lemma frac_endo_plus:
  assumes f: "frac_endo f" and g: "frac_endo g" shows "frac_endo (\<lambda>p. f p \<oplus> g p)"
proof (rule frac_endoI)
  show "f p \<oplus> g p \<simeq> f q \<oplus> g q" if "p \<simeq> q" for p q
    using that by (intro frac_add_cong frac_endo_cong[OF f] frac_endo_cong[OF g])
next
  fix p q :: "'a \<times> 'a" assume S: "fst p \<in> S" "fst q \<in> S"
  have "f (p \<oplus> q) \<oplus> g (p \<oplus> q) \<simeq> (f p \<oplus> f q) \<oplus> (g p \<oplus> g q)"
    using S by (intro frac_add_cong frac_endo_additive[OF f] frac_endo_additive[OF g])
  also have "\<dots> \<simeq> (f p \<oplus> g p) \<oplus> (f q \<oplus> g q)"
    using S by (intro frac_add_interchange frac_endo_in_S[OF f] frac_endo_in_S[OF g])
  finally show "f (p \<oplus> q) \<oplus> g (p \<oplus> q) \<simeq> (f p \<oplus> g p) \<oplus> (f q \<oplus> g q)" .
qed

lemma frac_endo_comp:
  assumes f: "frac_endo f" and g: "frac_endo g" shows "frac_endo (f \<circ> g)"
proof (rule frac_endoI)
  show "(f \<circ> g) p \<simeq> (f \<circ> g) q" if "p \<simeq> q" for p q
    using that by (simp add: frac_endo_cong[OF f] frac_endo_cong[OF g])
next
  fix p q :: "'a \<times> 'a" assume S: "fst p \<in> S" "fst q \<in> S"
  have "f (g (p \<oplus> q)) \<simeq> f (g p \<oplus> g q)" by (rule frac_endo_cong[OF f frac_endo_additive[OF g S]])
  also have "\<dots> \<simeq> f (g p) \<oplus> f (g q)" using S by (intro frac_endo_additive[OF f] frac_endo_in_S[OF g])
  finally show "(f \<circ> g) (p \<oplus> q) \<simeq> (f \<circ> g) p \<oplus> (f \<circ> g) q" by simp
qed

text \<open>Generators x_a with a not in S are zero in R<S^-1>, so they act as zero.\<close>

primrec frac_op :: "'a rexp \<Rightarrow> 'a \<times> 'a \<Rightarrow> 'a \<times> 'a" where
  "frac_op (Emb r) = frac_act r"
| "frac_op (Xg a) = (if a \<in> S then frac_div a else (\<lambda>_. frac_zero))"
| "frac_op Zr = (\<lambda>_. frac_zero)"
| "frac_op On = id"
| "frac_op (Ad t u) = (\<lambda>p. frac_op t p \<oplus> frac_op u p)"
| "frac_op (Ng t) = frac_neg \<circ> frac_op t"
| "frac_op (Ml t u) = frac_op t \<circ> frac_op u"

lemma frac_endo_frac_op: "frac_endo (frac_op t)"
proof (induction t)
  case (Xg a) then show ?case by (simp add: frac_endo_div frac_endo_zero)
qed (simp_all only: frac_op.simps frac_endo_act frac_endo_zero frac_endo_id frac_endo_neg
      frac_endo_plus frac_endo_comp)

lemma frac_op_in_S: "fst p \<in> S \<Longrightarrow> fst (frac_op t p) \<in> S"
  by (rule frac_endo_in_S[OF frac_endo_frac_op])

lemma frac_op_sound: "loc_eq S t u \<Longrightarrow> fst p \<in> S \<Longrightarrow> frac_op t p \<simeq> frac_op u p"
proof (induction arbitrary: p rule: loc_eq.induct)
  case (refl t) then show ?case by (simp add: frac_eq_refl_iff frac_op_in_S)
next
  case (sym t u) then show ?case by (blast intro: frac_eq_sym)
next
  case (trans t u v) then show ?case by (blast intro: frac_eq_trans)
next
  case (cong_add t t' u u') then show ?case by (simp add: frac_add_cong)
next
  case (cong_neg t t') then show ?case by (simp add: frac_neg_cong)
next
  case (cong_mul t t' u u')
  then have "frac_op t (frac_op u p) \<simeq> frac_op t (frac_op u' p)"
    by (intro frac_endo_cong[OF frac_endo_frac_op])
  also have "\<dots> \<simeq> frac_op t' (frac_op u' p)" by (intro cong_mul.IH frac_op_in_S cong_mul.prems)
  finally show ?case by simp
next
  case (add_assoc t u v) then show ?case by (simp add: frac_add_assoc frac_op_in_S)
next
  case (add_comm t u) then show ?case by (simp add: frac_add_commute frac_op_in_S)
next
  case (add_zero t) then show ?case by (simp add: frac_zero_add frac_op_in_S)
next
  case (add_neg t) then show ?case by (simp add: frac_neg_add frac_op_in_S)
next
  case (distr_l t u v)
  then show ?case by (simp add: frac_endo_additive[OF frac_endo_frac_op] frac_op_in_S)
next
  case (distr_r t u v)
  then show ?case by (simp add: frac_eq_refl_iff frac_add_in_S frac_op_in_S)
next
  case (emb_add a b) then show ?case by (simp add: frac_act_add)
next
  case (emb_mul a b) then show ?case by (simp add: frac_act_mult)
next
  case emb_one then show ?case by (simp add: frac_act_one)
next
  case (inv_r s) then show ?case by (simp add: frac_act_div)
next
  case (inv_l s) then show ?case by (simp add: frac_div_act)
qed (simp_all add: frac_eq_refl_iff frac_zero_def one_in_S frac_op_in_S)

lemma frac_one_eq_zero:
  assumes "(1, x) \<simeq> frac_zero" shows "x \<in> c"
proof -
  obtain a a' t where t: "t \<in> S" and "a * 1 \<sim> t" and ax: "a * x \<sim> a' * 0"
    using assms unfolding frac_zero_def by (rule frac_eqE)
  then have "t * x \<sim> a * x" by (simp add: cong_mult_right cong_sym)
  also have "\<dots> \<sim> 0" using ax by simp
  finally show ?thesis by (rule cong_zero_cancel_left[OF t])
qed

lemma frac_act_one_one: "frac_act r (1, 1) \<simeq> (1, r)"
  using frac_act_eq[OF one_in_S one_in_S, of r r 1] by simp

theorem loc_eq_nontrivial: "\<not> loc_eq S On Zr"
proof
  assume "loc_eq S On Zr"
  then have "(1, 1) \<simeq> frac_zero" using frac_op_sound[of On Zr "(1, 1)"] by (simp add: one_in_S)
  then have "1 \<in> c" by (rule frac_one_eq_zero)
  then show False using left_ore one_in_S by (auto simp: left_ore_mod_def)
qed

theorem ass_subset: "ass S \<subseteq> c"
proof
  fix r assume "r \<in> ass S"
  then have "frac_act r (1, 1) \<simeq> frac_zero"
    using frac_op_sound[of "Emb r" Zr "(1, 1)"] by (simp add: ass_def one_in_S)
  then have "(1, r) \<simeq> frac_zero" by (rule frac_eq_trans[OF frac_eq_sym[OF frac_act_one_one]])
  then show "r \<in> c" by (rule frac_one_eq_zero)
qed

end

section \<open>The opposite ring\<close>

datatype 'a opp = Opp (unOpp: 'a)

instantiation opp :: (ring_1) ring_1
begin
definition "0 = Opp 0"
definition "1 = Opp 1"
definition "x + y = Opp (unOpp x + unOpp y)"
definition "x - y = Opp (unOpp x - unOpp y)"
definition "- x = Opp (- unOpp x)"
definition "x * y = Opp (unOpp y * unOpp x)"
instance
  by standard (simp_all add: zero_opp_def one_opp_def plus_opp_def minus_opp_def uminus_opp_def
      times_opp_def opp.expand algebra_simps)
end

lemma Opp_simps [simp]:
  "Opp a + Opp b = Opp (a + b)" "Opp a - Opp b = Opp (a - b)" "- Opp a = Opp (- a)"
  "Opp a * Opp b = Opp (b * a)" "Opp 0 = 0" "Opp 1 = 1"
  by (simp_all add: zero_opp_def one_opp_def plus_opp_def minus_opp_def uminus_opp_def times_opp_def)

lemma unOpp_simps [simp]:
  "unOpp (x + y) = unOpp x + unOpp y" "unOpp (x * y) = unOpp y * unOpp x"
  "unOpp 0 = 0" "unOpp 1 = 1"
  by (simp_all add: zero_opp_def one_opp_def plus_opp_def times_opp_def del: Opp_simps)

lemma bij_Opp: "bij Opp"
  by (intro bijI injI surjI[of Opp unOpp]) simp_all

lemma all_opp: "(\<forall>x :: 'a opp. P x) \<longleftrightarrow> (\<forall>a. P (Opp a))"
  and ex_opp: "(\<exists>x :: 'a opp. P x) \<longleftrightarrow> (\<exists>a. P (Opp a))"
  by (metis opp.collapse)+

lemma all_opp_set: "(\<forall>B :: 'a opp set. P B) \<longleftrightarrow> (\<forall>A. P (Opp ` A))"
  using surj_image_vimage_eq[OF bij_is_surj[OF bij_Opp]] by metis

lemma mem_Opp_image [simp]: "x \<in> Opp ` A \<longleftrightarrow> unOpp x \<in> A"
  by (cases x) (simp add: bij_Opp bij_is_inj inj_image_mem_iff)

◆ **WORK ORDER**:
Look above for the line holding "(\<lambda>p. f p", then set down exactly that line and every line after it up to and including the line holding "using S by (intro frac_add_cong", with nothing else.

◆ **EXPECTED OUTPUT**:
  assumes f: "frac_endo f" and g: "frac_endo g" shows "frac_endo (\<lambda>p. f p \<oplus> g p)"
proof (rule frac_endoI)
  show "f p \<oplus> g p \<simeq> f q \<oplus> g q" if "p \<simeq> q" for p q
    using that by (intro frac_add_cong frac_endo_cong[OF f] frac_endo_cong[OF g])
next
  fix p q :: "'a \<times> 'a" assume S: "fst p \<in> S" "fst q \<in> S"
  have "f (p \<oplus> q) \<oplus> g (p \<oplus> q) \<simeq> (f p \<oplus> f q) \<oplus> (g p \<oplus> g q)"
    using S by (intro frac_add_cong frac_endo_additive[OF f] frac_endo_additive[OF g])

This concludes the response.